▶ [Assignment] Starting with the line that contains "f \<longleftrightarrow> (\<forall>u", copy every remaining line of the data below exactly, the last one included.

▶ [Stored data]
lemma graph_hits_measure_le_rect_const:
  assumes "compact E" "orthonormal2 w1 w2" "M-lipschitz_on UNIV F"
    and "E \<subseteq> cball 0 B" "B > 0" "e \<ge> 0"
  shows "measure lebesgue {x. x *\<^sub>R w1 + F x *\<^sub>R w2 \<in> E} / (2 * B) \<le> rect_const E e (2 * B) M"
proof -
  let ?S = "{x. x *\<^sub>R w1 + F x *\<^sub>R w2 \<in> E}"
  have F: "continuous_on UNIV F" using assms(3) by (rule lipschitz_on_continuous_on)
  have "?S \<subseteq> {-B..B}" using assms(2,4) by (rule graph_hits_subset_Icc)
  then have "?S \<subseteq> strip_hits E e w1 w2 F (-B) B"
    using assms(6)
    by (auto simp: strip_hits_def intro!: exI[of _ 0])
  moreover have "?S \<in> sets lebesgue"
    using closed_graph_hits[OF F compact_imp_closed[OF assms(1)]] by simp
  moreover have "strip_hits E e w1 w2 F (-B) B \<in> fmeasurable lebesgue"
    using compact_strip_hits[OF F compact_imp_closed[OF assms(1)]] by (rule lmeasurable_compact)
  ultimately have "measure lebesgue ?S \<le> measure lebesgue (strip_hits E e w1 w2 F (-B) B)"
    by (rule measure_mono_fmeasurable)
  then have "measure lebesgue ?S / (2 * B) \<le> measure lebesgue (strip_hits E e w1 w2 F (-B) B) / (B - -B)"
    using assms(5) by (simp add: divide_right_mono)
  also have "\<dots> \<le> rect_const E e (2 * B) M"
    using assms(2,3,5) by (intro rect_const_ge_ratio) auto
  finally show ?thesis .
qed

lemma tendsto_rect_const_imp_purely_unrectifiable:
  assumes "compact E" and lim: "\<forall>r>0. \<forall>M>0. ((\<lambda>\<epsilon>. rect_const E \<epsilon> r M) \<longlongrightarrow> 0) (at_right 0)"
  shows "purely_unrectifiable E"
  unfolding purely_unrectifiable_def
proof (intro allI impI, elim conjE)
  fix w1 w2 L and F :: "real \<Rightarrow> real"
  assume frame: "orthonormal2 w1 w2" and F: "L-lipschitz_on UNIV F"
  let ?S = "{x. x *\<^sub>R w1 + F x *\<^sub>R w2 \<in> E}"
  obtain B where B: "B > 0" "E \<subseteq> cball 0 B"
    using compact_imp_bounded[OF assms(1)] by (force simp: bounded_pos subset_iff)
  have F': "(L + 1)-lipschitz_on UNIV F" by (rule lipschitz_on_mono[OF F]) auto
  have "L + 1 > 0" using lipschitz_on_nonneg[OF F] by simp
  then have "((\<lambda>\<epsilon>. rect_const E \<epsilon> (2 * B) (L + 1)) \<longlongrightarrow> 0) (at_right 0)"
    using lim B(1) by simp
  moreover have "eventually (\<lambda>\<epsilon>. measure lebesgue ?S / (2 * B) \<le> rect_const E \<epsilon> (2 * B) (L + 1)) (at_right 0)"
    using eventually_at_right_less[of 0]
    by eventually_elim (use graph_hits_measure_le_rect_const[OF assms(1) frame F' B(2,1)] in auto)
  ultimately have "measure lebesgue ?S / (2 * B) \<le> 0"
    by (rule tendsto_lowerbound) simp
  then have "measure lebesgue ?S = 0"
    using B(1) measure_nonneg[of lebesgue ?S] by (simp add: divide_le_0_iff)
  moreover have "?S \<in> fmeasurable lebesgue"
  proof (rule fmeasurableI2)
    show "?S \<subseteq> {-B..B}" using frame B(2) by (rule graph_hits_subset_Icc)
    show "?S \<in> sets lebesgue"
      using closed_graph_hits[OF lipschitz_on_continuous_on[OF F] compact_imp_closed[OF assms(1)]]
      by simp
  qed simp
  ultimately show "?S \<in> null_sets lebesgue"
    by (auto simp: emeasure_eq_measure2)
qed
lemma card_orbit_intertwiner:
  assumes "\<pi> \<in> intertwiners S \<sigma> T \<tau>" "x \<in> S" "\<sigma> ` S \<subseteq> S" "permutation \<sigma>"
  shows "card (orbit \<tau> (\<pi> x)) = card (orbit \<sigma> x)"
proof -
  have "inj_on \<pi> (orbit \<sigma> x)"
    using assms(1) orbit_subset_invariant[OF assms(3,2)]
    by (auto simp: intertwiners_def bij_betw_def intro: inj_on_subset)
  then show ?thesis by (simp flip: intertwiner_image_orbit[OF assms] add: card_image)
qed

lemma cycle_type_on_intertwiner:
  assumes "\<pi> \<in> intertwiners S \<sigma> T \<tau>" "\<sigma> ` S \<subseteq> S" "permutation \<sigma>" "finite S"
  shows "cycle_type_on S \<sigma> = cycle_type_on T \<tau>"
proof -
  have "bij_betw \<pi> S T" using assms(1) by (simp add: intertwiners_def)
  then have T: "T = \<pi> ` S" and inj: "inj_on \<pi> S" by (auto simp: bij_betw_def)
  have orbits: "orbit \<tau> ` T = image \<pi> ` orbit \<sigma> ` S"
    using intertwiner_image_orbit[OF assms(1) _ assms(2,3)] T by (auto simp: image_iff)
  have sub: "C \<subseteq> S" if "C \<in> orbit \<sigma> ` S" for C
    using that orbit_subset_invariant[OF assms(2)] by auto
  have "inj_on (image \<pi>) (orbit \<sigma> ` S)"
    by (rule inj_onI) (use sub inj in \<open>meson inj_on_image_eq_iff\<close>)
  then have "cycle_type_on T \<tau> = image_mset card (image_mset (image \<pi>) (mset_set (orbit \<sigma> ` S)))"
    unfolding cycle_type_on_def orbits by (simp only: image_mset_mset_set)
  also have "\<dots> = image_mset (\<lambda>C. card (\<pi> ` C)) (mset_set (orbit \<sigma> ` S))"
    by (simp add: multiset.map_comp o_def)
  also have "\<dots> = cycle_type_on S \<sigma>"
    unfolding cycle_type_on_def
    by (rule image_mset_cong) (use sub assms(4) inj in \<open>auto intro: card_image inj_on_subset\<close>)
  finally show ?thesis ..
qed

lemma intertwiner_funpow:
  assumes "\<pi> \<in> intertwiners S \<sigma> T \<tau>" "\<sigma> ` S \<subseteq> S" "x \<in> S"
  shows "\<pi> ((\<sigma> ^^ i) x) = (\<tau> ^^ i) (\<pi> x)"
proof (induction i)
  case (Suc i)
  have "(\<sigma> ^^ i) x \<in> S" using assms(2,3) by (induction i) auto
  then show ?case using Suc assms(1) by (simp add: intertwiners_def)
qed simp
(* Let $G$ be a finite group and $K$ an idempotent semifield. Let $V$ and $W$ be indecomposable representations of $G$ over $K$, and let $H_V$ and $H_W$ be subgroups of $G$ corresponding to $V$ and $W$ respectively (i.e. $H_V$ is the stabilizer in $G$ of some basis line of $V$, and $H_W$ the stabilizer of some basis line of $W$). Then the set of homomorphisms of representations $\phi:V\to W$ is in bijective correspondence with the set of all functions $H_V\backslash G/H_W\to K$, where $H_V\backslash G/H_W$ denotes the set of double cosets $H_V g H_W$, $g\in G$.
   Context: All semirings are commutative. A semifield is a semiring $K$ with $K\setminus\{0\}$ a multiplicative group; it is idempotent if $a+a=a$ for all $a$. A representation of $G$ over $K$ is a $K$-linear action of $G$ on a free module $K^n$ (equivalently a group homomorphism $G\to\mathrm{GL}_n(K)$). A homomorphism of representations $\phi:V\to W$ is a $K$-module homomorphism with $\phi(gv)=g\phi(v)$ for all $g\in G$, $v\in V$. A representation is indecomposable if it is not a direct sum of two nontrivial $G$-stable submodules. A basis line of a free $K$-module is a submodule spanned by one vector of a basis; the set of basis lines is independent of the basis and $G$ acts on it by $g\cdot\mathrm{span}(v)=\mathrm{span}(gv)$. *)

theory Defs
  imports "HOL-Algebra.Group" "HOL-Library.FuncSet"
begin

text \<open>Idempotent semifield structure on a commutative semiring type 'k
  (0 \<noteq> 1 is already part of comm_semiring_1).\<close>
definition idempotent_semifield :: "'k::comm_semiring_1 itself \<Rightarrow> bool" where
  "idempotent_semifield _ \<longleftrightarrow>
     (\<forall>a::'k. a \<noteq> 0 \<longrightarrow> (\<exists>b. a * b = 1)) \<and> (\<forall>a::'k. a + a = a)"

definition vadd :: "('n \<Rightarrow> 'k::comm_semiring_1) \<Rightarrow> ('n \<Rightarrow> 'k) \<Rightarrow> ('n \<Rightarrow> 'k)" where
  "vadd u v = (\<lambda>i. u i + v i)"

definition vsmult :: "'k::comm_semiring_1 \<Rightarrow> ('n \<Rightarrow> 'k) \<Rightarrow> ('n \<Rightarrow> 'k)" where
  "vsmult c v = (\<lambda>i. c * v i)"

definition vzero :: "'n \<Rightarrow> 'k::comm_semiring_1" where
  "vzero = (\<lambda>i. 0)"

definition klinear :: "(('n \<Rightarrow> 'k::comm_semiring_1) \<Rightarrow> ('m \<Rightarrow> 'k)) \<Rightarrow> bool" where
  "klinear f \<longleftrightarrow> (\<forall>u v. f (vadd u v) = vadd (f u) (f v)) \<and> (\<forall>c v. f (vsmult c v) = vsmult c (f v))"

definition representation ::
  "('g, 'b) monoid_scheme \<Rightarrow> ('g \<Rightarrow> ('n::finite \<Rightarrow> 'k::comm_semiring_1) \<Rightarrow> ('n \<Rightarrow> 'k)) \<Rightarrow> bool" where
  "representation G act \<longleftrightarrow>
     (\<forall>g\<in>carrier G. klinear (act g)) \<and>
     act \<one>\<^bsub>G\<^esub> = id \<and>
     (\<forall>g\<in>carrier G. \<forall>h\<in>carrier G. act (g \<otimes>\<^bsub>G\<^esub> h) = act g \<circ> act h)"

▶ [Response below]
  "klinear f \<longleftrightarrow> (\<forall>u v. f (vadd u v) = vadd (f u) (f v)) \<and> (\<forall>c v. f (vsmult c v) = vsmult c (f v))"

definition representation ::
  "('g, 'b) monoid_scheme \<Rightarrow> ('g \<Rightarrow> ('n::finite \<Rightarrow> 'k::comm_semiring_1) \<Rightarrow> ('n \<Rightarrow> 'k)) \<Rightarrow> bool" where
  "representation G act \<longleftrightarrow>
     (\<forall>g\<in>carrier G. klinear (act g)) \<and>
     act \<one>\<^bsub>G\<^esub> = id \<and>
     (\<forall>g\<in>carrier G. \<forall>h\<in>carrier G. act (g \<otimes>\<^bsub>G\<^esub> h) = act g \<circ> act h)"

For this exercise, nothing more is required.